**Exercise instructions:**
From the data below, give the number of lines holding the word "imports", with nothing else added.

**Input data:**
(* Every Massouros hyperfield has the FETVINS property. That is: let $F$ be a Massouros hyperfield (as defined in the context). Then for all integers $k<n$ and every system of $k$ homogeneous linear equations over $F$ in the $n$ variables $x_1,\dots,x_n$, there exist values $x_1,\dots,x_n\in F$, not all equal to $0$, which satisfy all $k$ equations simultaneously.
   Context: A hyperaddition on a nonempty set $H$ is a map $+:H\times H\to\mathcal P^*(H)$ (nonempty subsets of $H$) that is commutative and associative, where for subsets $A,B$ one sets $A+B=\bigcup_{a\in A,b\in B}(a+b)$ and an element $x$ is identified with $\{x\}$. A hypergroup is a set with a hyperaddition having a unique $0$ with $0+h=\{h\}$ for all $h$, such that for each $x$ there is a unique $y=:-x$ with $0\in x+y$, and such that $x\in y+z$ implies $z\in x+(-y)$. A hyperfield is a set $F$ with a hyperaddition and a multiplication such that $(F,+)$ is a hypergroup, $(F,\cdot)$ is a monoid, $a(b+c)=ab+ac$, $r\cdot 0=0$ for all $r$, and $F\setminus\{0\}$ is a multiplicative group. Massouros hyperfield: let $G$ be an abelian group written multiplicatively, $H$ a group, and $\phi:G\to H$ a group homomorphism with $|\phi(G)|\ge 3$. Let $F=G\cup\{0\}$, with multiplication that of $G$ extended by $0\cdot x=x\cdot 0=0$ for all $x\in F$, and equipped with a hyperaddition making $F$ a hyperfield. $F$ is called Massouros (with respect to $\phi$) if: (1) $\phi(-x)=\phi(x)$ for all $x\in G$; (2) for all $x,y\in G$ with $\phi(x)=\phi(y)$ one has $G\setminus\phi^{-1}(\phi(x))\subseteq x+y$; (3) for all $x,y\in G$ with $\phi(x)\ne\phi(y)$ one has $\phi^{-1}(\{\phi(x),\phi(y)\})\subseteq x+y$. A homogeneous linear equation over $F$ is a statement $a_1x_1+a_2x_2+\cdots+a_mx_m\ni 0$ with nonzero coefficients $a_i\in F$ (terms with zero coefficient are omitted); values of the variables in $F$ satisfy it if $0$ belongs to the (set-valued) sum. *)

theory Defs
  imports "HOL-Algebra.Group"
begin

definition setplus :: "('a \<Rightarrow> 'a \<Rightarrow> 'a set) \<Rightarrow> 'a set \<Rightarrow> 'a set \<Rightarrow> 'a set" where
  "setplus hadd A B = (\<Union>a\<in>A. \<Union>b\<in>B. hadd a b)"

definition hyperaddition :: "'a set \<Rightarrow> ('a \<Rightarrow> 'a \<Rightarrow> 'a set) \<Rightarrow> bool" where
  "hyperaddition R hadd \<longleftrightarrow>
     R \<noteq> {} \<and>
     (\<forall>x\<in>R. \<forall>y\<in>R. hadd x y \<subseteq> R \<and> hadd x y \<noteq> {}) \<and>
     (\<forall>x\<in>R. \<forall>y\<in>R. hadd x y = hadd y x) \<and>
     (\<forall>x\<in>R. \<forall>y\<in>R. \<forall>z\<in>R. setplus hadd (hadd x y) {z} = setplus hadd {x} (hadd y z))"

definition hneg :: "'a set \<Rightarrow> ('a \<Rightarrow> 'a \<Rightarrow> 'a set) \<Rightarrow> 'a \<Rightarrow> 'a \<Rightarrow> 'a" where
  "hneg R hadd zero x = (THE y. y \<in> R \<and> zero \<in> hadd x y)"

definition hypergroup :: "'a set \<Rightarrow> ('a \<Rightarrow> 'a \<Rightarrow> 'a set) \<Rightarrow> 'a \<Rightarrow> bool" where
  "hypergroup R hadd zero \<longleftrightarrow>
     hyperaddition R hadd \<and>
     zero \<in> R \<and>
     (\<forall>h\<in>R. hadd zero h = {h}) \<and>
     (\<forall>z'\<in>R. (\<forall>h\<in>R. hadd z' h = {h}) \<longrightarrow> z' = zero) \<and>
     (\<forall>x\<in>R. \<exists>!y. y \<in> R \<and> zero \<in> hadd x y) \<and>
     (\<forall>x\<in>R. \<forall>y\<in>R. \<forall>z\<in>R. x \<in> hadd y z \<longrightarrow> z \<in> hadd x (hneg R hadd zero y))"

definition mult_group :: "'a set \<Rightarrow> ('a \<Rightarrow> 'a \<Rightarrow> 'a) \<Rightarrow> 'a \<Rightarrow> 'a \<Rightarrow> 'a monoid" where
  "mult_group R hmul zero unit = \<lparr>carrier = R - {zero}, mult = hmul, one = unit\<rparr>"
lemma closed_segment_0_subset_slit_plane:
  assumes "w \<in> slit_plane"
  shows "closed_segment 0 w \<subseteq> slit_plane"
proof
  fix u assume "u \<in> closed_segment 0 w"
  then obtain t where t: "0 \<le> t" "t \<le> 1" "u = of_real t * w"
    by (auto simp: closed_segment_def scaleR_conv_of_real)
  show "u \<in> slit_plane"
  proof (rule ccontr)
    assume "u \<notin> slit_plane"
    hence u: "t * Im w = 0" "1 \<le> t * Re w" using t(3) by (auto simp: slit_plane_def)
    hence "0 < t" using t(1) by (cases "t = 0") auto
    hence "Im w = 0" using u(1) by simp
    moreover have "0 \<le> Re w" using u(2) t(1) by (smt (verit) mult_nonneg_nonpos)
    hence "t * Re w \<le> Re w" using t(1,2) by (simp add: mult_left_le_one_le)
    ultimately show False using u(2) assms by (simp add: slit_plane_def)
  qed
qed

lemma cball_minus_1_subset_slit_plane: "cball 0 1 - {1} \<subseteq> slit_plane"
proof
  fix w :: complex assume w: "w \<in> cball 0 1 - {1}"
  show "w \<in> slit_plane"
  proof (rule ccontr)
    assume "w \<notin> slit_plane"
    hence "Im w = 0" "1 \<le> Re w" by (auto simp: slit_plane_def)
    moreover have "Re w \<le> 1" using w complex_Re_le_cmod[of w] by simp
    ultimately have "w = 1" by (simp add: complex_eq_iff)
    thus False using w by simp
  qed
qed

lemma contour_integral_linepath_cong_start:
  assumes "\<And>t. t \<noteq> a \<Longrightarrow> f t = g t"
  shows "contour_integral (linepath a b) f = contour_integral (linepath a b) g"
proof (cases "b = a")
  case False
  have "linepath a b t \<noteq> a" if "t \<noteq> 0" for t
    using False that by (simp add: linepath_def algebra_simps)
  hence "(f has_contour_integral i) (linepath a b) \<longleftrightarrow> (g has_contour_integral i) (linepath a b)" for i
    unfolding has_contour_integral_linepath
    by (intro has_integral_spike_finite_eq[of "{0}"]) (auto simp: assms)
  thus ?thesis unfolding contour_integral_def contour_integrable_on_def by simp
qed simp

lemma has_field_derivative_contour_integral_linepath:
  assumes holf: "f holomorphic_on S" and S: "a \<in> S" "open S"
      and star: "\<And>y. y \<in> S \<Longrightarrow> closed_segment a y \<subseteq> S" and x: "x \<in> S"
  shows "((\<lambda>x. contour_integral (linepath a x) f) has_field_derivative f x) (at x)"
proof (rule triangle_contour_integrals_starlike_primitive[OF _ S x star])
  show "continuous_on S f" using holf by (rule holomorphic_on_imp_continuous_on)
  fix b c assume "closed_segment b c \<subseteq> S"
  hence "convex hull {a, b, c} \<subseteq> S"
    by (intro starlike_convex_subset[OF S(1) _ star])
  hence "(f has_contour_integral 0) (linepath a b +++ linepath b c +++ linepath c a)"
    by (intro Cauchy_theorem_triangle holomorphic_on_subset[OF holf])
  thus "contour_integral (linepath a b) f + contour_integral (linepath b c) f
          + contour_integral (linepath c a) f = 0"
    using has_chain_integral_chain_integral3 by blast
qed
(* Let $P$ be the face poset of a convex polytope $\mathcal P$ and let $Pr(P)$ be the face poset of the prism over $\mathcal P$. Then $$\mathcal{M}_{Pr(P)}(z)=(3-2z)\bigl(\mathcal{M}_P(z)-g^P_{-1}(z)\bigr)+g^{Pr(P)}_{-1}(z).$$
   Context: The face poset of a convex polytope with vertex set $V$ is the set of vertex sets of its faces (including the whole polytope) together with $\emptyset$, ordered by inclusion, ranked by dimension ($|\emptyset|=-1$). For a $d$-dimensional polytope $\mathcal P$, the prism over $\mathcal P$ is the convex hull of two copies of $\mathcal P$ placed in the hyperplanes $x=0$ and $x=1$ of $\mathbb{R}^{d+1}$; its faces are the two copies of each face of $\mathcal P$ and, for each face $F$ of $\mathcal P$, the face of dimension $\dim F+1$ joining the two copies of $F$. The Möbius function $\mu$ is $\mu[p,p]=1$, $\mu[p,q]=-\sum_{p\le s<q}\mu[p,s]$ for $p<q$, $0$ if $p\not\le q$; $\mu_z[p,q]=\mu[p,q]z^{|q|-|p|}$; the Möbius polynomial is $\mathcal{M}_P(z)=\sum_{p\le q\in P}\mu_z[p,q]$; the bottom polynomial is $g^P_{-1}(z)=\sum_{p\le q,\ |p|\le -1\le |q|}\mu_z[p,q]$. *)

theory Defs
  imports "HOL-Analysis.Analysis" "HOL-Computational_Algebra.Polynomial"
begin

function mobius :: "'a set set \<Rightarrow> 'a set \<Rightarrow> 'a set \<Rightarrow> int" where
  "mobius P p q =
     (if p = q then 1
      else if finite P \<and> p \<subset> q
      then - (\<Sum>s\<in>{s\<in>P. p \<subseteq> s \<and> s \<subset> q}. mobius P p s)
      else 0)"
  by pat_completeness auto
termination
proof (relation "Wellfounded.measure (\<lambda>(P, p, q). card {s\<in>P. s \<subset> q})")
  show "wf (Wellfounded.measure (\<lambda>(P, p, q). card {s\<in>P. s \<subset> q}))" by simp
next
  fix P :: "'a set set" and p q s
  assume h: "p \<noteq> q" "finite P \<and> p \<subset> q" "s \<in> {s\<in>P. p \<subseteq> s \<and> s \<subset> q}"
  have "{t\<in>P. t \<subset> s} \<subset> {t\<in>P. t \<subset> q}" using h by auto
  then have "card {t\<in>P. t \<subset> s} < card {t\<in>P. t \<subset> q}"
    using h by (intro psubset_card_mono) auto
  then show "((P, p, s), P, p, q) \<in> Wellfounded.measure (\<lambda>(P, p, q). card {s\<in>P. s \<subset> q})" by simp
qed

declare mobius.simps[simp del]

definition mobius_poly :: "'a set set \<Rightarrow> ('a set \<Rightarrow> int) \<Rightarrow> int poly" where
  "mobius_poly P rk =
     (\<Sum>(p, q)\<in>{(p, q). p \<in> P \<and> q \<in> P \<and> p \<subseteq> q}. monom (mobius P p q) (nat (rk q - rk p)))"

definition bottom_poly :: "'a set set \<Rightarrow> ('a set \<Rightarrow> int) \<Rightarrow> int poly" where
  "bottom_poly P rk =
     (\<Sum>(p, q)\<in>{(p, q). p \<in> P \<and> q \<in> P \<and> p \<subseteq> q \<and> rk p \<le> -1 \<and> -1 \<le> rk q}.
        monom (mobius P p q) (nat (rk q - rk p)))"

text \<open>Face poset: vertex sets of all faces (the empty face contributes the empty set,
  the polytope itself is a face). Ranked by dimension: rank of a vertex set = aff_dim.\<close>
definition face_poset :: "'a::euclidean_space set \<Rightarrow> 'a set set" where
  "face_poset K = {{v. v extreme_point_of F} | F. F face_of K}"

definition face_rank :: "'a::euclidean_space set \<Rightarrow> int" where
  "face_rank S = aff_dim S"

definition prism :: "'a::euclidean_space set \<Rightarrow> ('a \<times> real) set" where
  "prism K = convex hull ((\<lambda>x. (x, 0)) ` K \<union> (\<lambda>x. (x, 1)) ` K)"

end

theory Submission
  imports Defs
begin

(* The prism over a polytope K is the product K \<times> [0,1], and every face of a
   product of polytopes is a product of faces.  Hence the face poset of the prism is
   the "product poset" {V \<times> W} of the face poset P of K with the face poset
   {{}, {0}, {1}, {0,1}} of the unit segment; the only collapse is V \<times> {} = {} \<times> W = {}.

   Splitting the Moebius polynomial into the bottom polynomial (pairs starting at
   the empty face) and the remaining part N (pairs p \<le> q with p \<noteq> {}), the theorem
   reduces to the multiplicativity N(prism) = N(P) * N(segment) together with the
   computation N(segment) = 3 - 2z.  Multiplicativity rests on two facts about
   nonempty products: the Moebius function is multiplicative, which follows from the
   characterisation of mu[p,-] as the unique function with value 1 at p whose sums
   over all intervals [p,q] with p < q vanish; and the rank (affine dimension) is
   additive. *)

lemma mobius_refl [simp]: "mobius P p p = 1"
  by (subst mobius.simps) simp

lemma mobius_interval_sum:
  assumes "finite P" "q \<in> P" "p \<subseteq> q"
  shows "(\<Sum>s\<in>{s\<in>P. p \<subseteq> s \<and> s \<subseteq> q}. mobius P p s) = (if p = q then 1 else 0)"
proof (cases "p = q")
  case True
  then have "{s\<in>P. p \<subseteq> s \<and> s \<subseteq> q} = {p}" using assms by auto
  then show ?thesis using True by simp
next
  case False
  let ?I = "{s\<in>P. p \<subseteq> s \<and> s \<subset> q}"
  have "{s\<in>P. p \<subseteq> s \<and> s \<subseteq> q} = insert q ?I" using assms by auto
  moreover have "mobius P p q = - (\<Sum>s\<in>?I. mobius P p s)"
    using False assms by (subst mobius.simps) auto
  ultimately show ?thesis using False assms(1) by simp
qed

lemma mobius_unique:
  assumes fin: "finite P" and p: "g p = 1"
    and zero: "\<And>q. q \<in> P \<Longrightarrow> p \<subset> q \<Longrightarrow> (\<Sum>s\<in>{s\<in>P. p \<subseteq> s \<and> s \<subseteq> q}. g s) = 0"
  shows "q \<in> P \<Longrightarrow> p \<subseteq> q \<Longrightarrow> mobius P p q = g q"
proof (induction "card {s\<in>P. s \<subset> q}" arbitrary: q rule: less_induct)
  case less
  show ?case
  proof (cases "p = q")
    case True
    then show ?thesis using p by simp
  next
    case False
    let ?I = "{s\<in>P. p \<subseteq> s \<and> s \<subset> q}"
    have IH: "mobius P p s = g s" if s: "s \<in> ?I" for s
    proof (rule less.hyps)
      have "{t\<in>P. t \<subset> s} \<subset> {t\<in>P. t \<subset> q}" using s by auto
      then show "card {t\<in>P. t \<subset> s} < card {t\<in>P. t \<subset> q}"
        using fin by (intro psubset_card_mono) auto
    qed (use s in auto)
    have "mobius P p q = - (\<Sum>s\<in>?I. mobius P p s)"
      using False less.prems fin by (subst mobius.simps) auto
    also have "\<dots> = - (\<Sum>s\<in>?I. g s)" using IH by simp
    also have "\<dots> = g q"
    proof -
      have "{s\<in>P. p \<subseteq> s \<and> s \<subseteq> q} = insert q ?I" using less.prems by auto
      then have "g q + (\<Sum>s\<in>?I. g s) = 0"
        using zero[of q] less.prems False fin by simp
      then show ?thesis by simp
    qed
    finally show ?thesis .
  qed
qed

lemma mobius_cover:
  assumes "finite P" "q \<in> P" "p \<noteq> q" "{s\<in>P. p \<subseteq> s \<and> s \<subseteq> q} = {p, q}"
  shows "mobius P p q = -1"
proof -
  have "p \<subseteq> q" using assms(4) by blast
  then have "(\<Sum>s\<in>{s\<in>P. p \<subseteq> s \<and> s \<subseteq> q}. mobius P p s) = 0"
    using mobius_interval_sum[OF assms(1,2)] assms(3) by simp
  then have "(\<Sum>s\<in>{p, q}. mobius P p s) = 0" unfolding assms(4) .
  then show ?thesis using assms(3) by simp
qed
lemma curl_eq_vcross_homog_part:
  assumes "hom_form1 d f" and "hom_form1 D h" and curl_h: "curl h = vcross G f"
  shows "curl h = vcross (homog_part_form1 (D - d) G) (f :: 'a::{idom, ring_char_0} vfield)"
proof -
  obtain h1 h2 h3 where h: "h = (h1, h2, h3)" by (cases h)
  obtain f1 f2 f3 where f: "f = (f1, f2, f3)" by (cases f)
  have f1: "homog (d - w1) f1" and f2: "homog (d - w2) f2" and f3: "homog (d - w3) f3"
    using assms(1) by (simp_all add: f hom_form1_def)
  have h1: "homog (D - w1) h1" and h2: "homog (D - w2) h2" and h3: "homog (D - w3) h3"
    using assms(2) by (simp_all add: h hom_form1_def)
  have "homog (D - w2 - w3) (dY h3 - dZ h2)" "homog (D - w1 - w3) (dZ h1 - dX h3)"
    "homog (D - w1 - w2) (dX h2 - dY h1)"
    using homog_dX[OF h2] homog_dX[OF h3] homog_dY[OF h1] homog_dY[OF h3]
      homog_dZ[OF h1] homog_dZ[OF h2]
    by (simp_all add: homog_diff algebra_simps)
  then have "curl h = (homog_part (D - w2 - w3) (fst (curl h)),
      homog_part (D - w1 - w3) (fst (snd (curl h))), homog_part (D - w1 - w2) (snd (snd (curl h))))"
    by (simp add: h curl_def homog_part_homog)
  also have "\<dots> = vcross (homog_part_form1 (D - d) G) f"
    unfolding curl_h f vcross_def homog_part_form1_def
    by (simp only: prod.case prod.sel homog_part_diff homog_part_mult[OF f1] homog_part_mult[OF f2]
        homog_part_mult[OF f3] split: prod.splits) (simp add: algebra_simps)
  finally show ?thesis .
qed

definition euler_contraction :: "'a::idom vfield \<Rightarrow> 'a mpoly3" where
  "euler_contraction k = (case k of (k1, k2, k3) \<Rightarrow> const3 (of_nat w1) * (x_pow 1 * k1)
     + const3 (of_nat w2) * (y_pow 1 * k2) + const3 (of_nat w3) * (z_pow 1 * k3))"
(* Let $\bm y=\bm X\bm\beta+\bm z$, where $\bm X\in\mathbb{R}^{n\times p}$ is deterministic of full column rank with unit-norm columns $\bm x_1,\dots,\bm x_p$, $\bm\beta\in\mathbb{R}^p$, and $\bm z\sim N_n(\bm 0,\sigma^2\bm I_n)$. Let $\bm\Sigma=\bm X^\top\bm X$ and, for a fixed $\lambda>0$, $\bm\Sigma_\lambda=\bm\Sigma+\lambda\bm I_p$. Let $\bm s\in\mathbb{R}^p$ have nonnegative entries with $\bm\Sigma-\bm S$ positive semidefinite, where $\bm S=\operatorname{diag}(\bm s)$, and let $\widetilde{\bm X}=[\widetilde{\bm x}_1,\dots,\widetilde{\bm x}_p]\in\mathbb{R}^{n\times p}$ be a fixed (non-random) matrix satisfying $\widetilde{\bm X}^\top\bm X=\bm\Sigma-\bm S$ and $\widetilde{\bm x}_j^\top\widetilde{\bm x}_j=1$ for all $j\in[p]$. Define $\widehat{\bm\beta}_\lambda=\bm\Sigma_\lambda^{-1}\bm X^\top\bm y$ and $\widetilde{\bm\beta}_\lambda\in\mathbb{R}^p$ by $\widetilde\beta_{\lambda j}=\widehat\beta_{\lambda j}+[\bm\Sigma_\lambda^{-1}]_{jj}(\widetilde{\bm x}_j^\top\bm y-\bm x_j^\top\bm y)$, $j\in[p]$. Then $(\widehat{\bm\beta}_\lambda,\widetilde{\bm\beta}_\lambda)$ is jointly Gaussian in $\mathbb{R}^{2p}$ with $\mathbb{E}[\widehat{\bm\beta}_\lambda]=\bm\Sigma_\lambda^{-1}\bm\Sigma\bm\beta$, $\mathbb{E}[\widetilde{\bm\beta}_\lambda]=(\bm\Sigma_\lambda^{-1}\bm\Sigma-\operatorname{diag}\{\bm\Sigma_\lambda^{-1}\}\bm S)\bm\beta$, $\mathrm{Cov}[\widehat{\bm\beta}_\lambda]=\sigma^2\bm\Sigma_\lambda^{-1}\bm\Sigma\bm\Sigma_\lambda^{-1}$, $\mathrm{Cov}[\widetilde{\bm\beta}_\lambda]=\sigma^2\big[\bm\Sigma_\lambda^{-1}\bm\Sigma\bm\Sigma_\lambda^{-1}-\bm\Sigma_\lambda^{-1}\bm S\operatorname{diag}\{\bm\Sigma_\lambda^{-1}\}-\operatorname{diag}\{\bm\Sigma_\lambda^{-1}\}\bm S\bm\Sigma_\lambda^{-1}+\operatorname{diag}\{\bm\Sigma_\lambda^{-1}\}(\widetilde{\bm X}^\top\widetilde{\bm X}-\bm\Sigma+2\bm S)\operatorname{diag}\{\bm\Sigma_\lambda^{-1}\}\big]$, and $\mathrm{Cov}[\widetilde{\bm\beta}_\lambda,\widehat{\bm\beta}_\lambda]=\sigma^2(\bm\Sigma_\lambda^{-1}\bm\Sigma\bm\Sigma_\lambda^{-1}-\operatorname{diag}\{\bm\Sigma_\lambda^{-1}\}\bm S\bm\Sigma_\lambda^{-1})$.
   Context: For a square matrix $\bm A$, $\operatorname{diag}\{\bm A\}$ denotes the diagonal matrix with the same diagonal entries as $\bm A$, and $[\bm A]_{jj}$ its $j$-th diagonal entry. $\mathrm{Cov}[\bm u,\bm v]=\mathbb{E}[(\bm u-\mathbb{E}\bm u)(\bm v-\mathbb{E}\bm v)^\top]$. Equivalently, $\widetilde\beta_{\lambda j}$ is the $j$-th coefficient of the ridge regression (penalty $\lambda$) of $\bm y$ onto $\bm X$ with its $j$-th column replaced by $\widetilde{\bm x}_j$. *)

theory Defs
  imports "HOL-Analysis.Analysis" "HOL-Probability.Probability"
begin

definition diag_mat :: "real^'p \<Rightarrow> real^'p^'p" where
  "diag_mat s = (\<chi> i j. if i = j then s $ i else 0)"

definition diag_part :: "real^'p^'p \<Rightarrow> real^'p^'p" where
  "diag_part A = (\<chi> i j. if i = j then A $ i $ j else 0)"

definition psd :: "real^'p^'p \<Rightarrow> bool" where
  "psd A \<longleftrightarrow> (\<forall>v. 0 \<le> v \<bullet> (A *v v))"

definition real_gaussian :: "'a measure \<Rightarrow> ('a \<Rightarrow> real) \<Rightarrow> bool" where
  "real_gaussian M X \<longleftrightarrow>
     (X \<in> borel_measurable M \<and> (\<exists>c. AE \<omega> in M. X \<omega> = c)) \<or>
     (\<exists>\<mu> \<sigma>. \<sigma> > 0 \<and> distributed M lborel X (normal_density \<mu> \<sigma>))"

definition jointly_gaussian :: "'a measure \<Rightarrow> ('a \<Rightarrow> real^'p) \<Rightarrow> ('a \<Rightarrow> real^'q) \<Rightarrow> bool" where
  "jointly_gaussian M u v \<longleftrightarrow>
     (\<forall>a b. real_gaussian M (\<lambda>\<omega>. a \<bullet> u \<omega> + b \<bullet> v \<omega>))"

definition mean_vec :: "'a measure \<Rightarrow> ('a \<Rightarrow> real^'p) \<Rightarrow> real^'p" where
  "mean_vec M u = (\<chi> i. integral\<^sup>L M (\<lambda>\<omega>. u \<omega> $ i))"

**Task response:**
4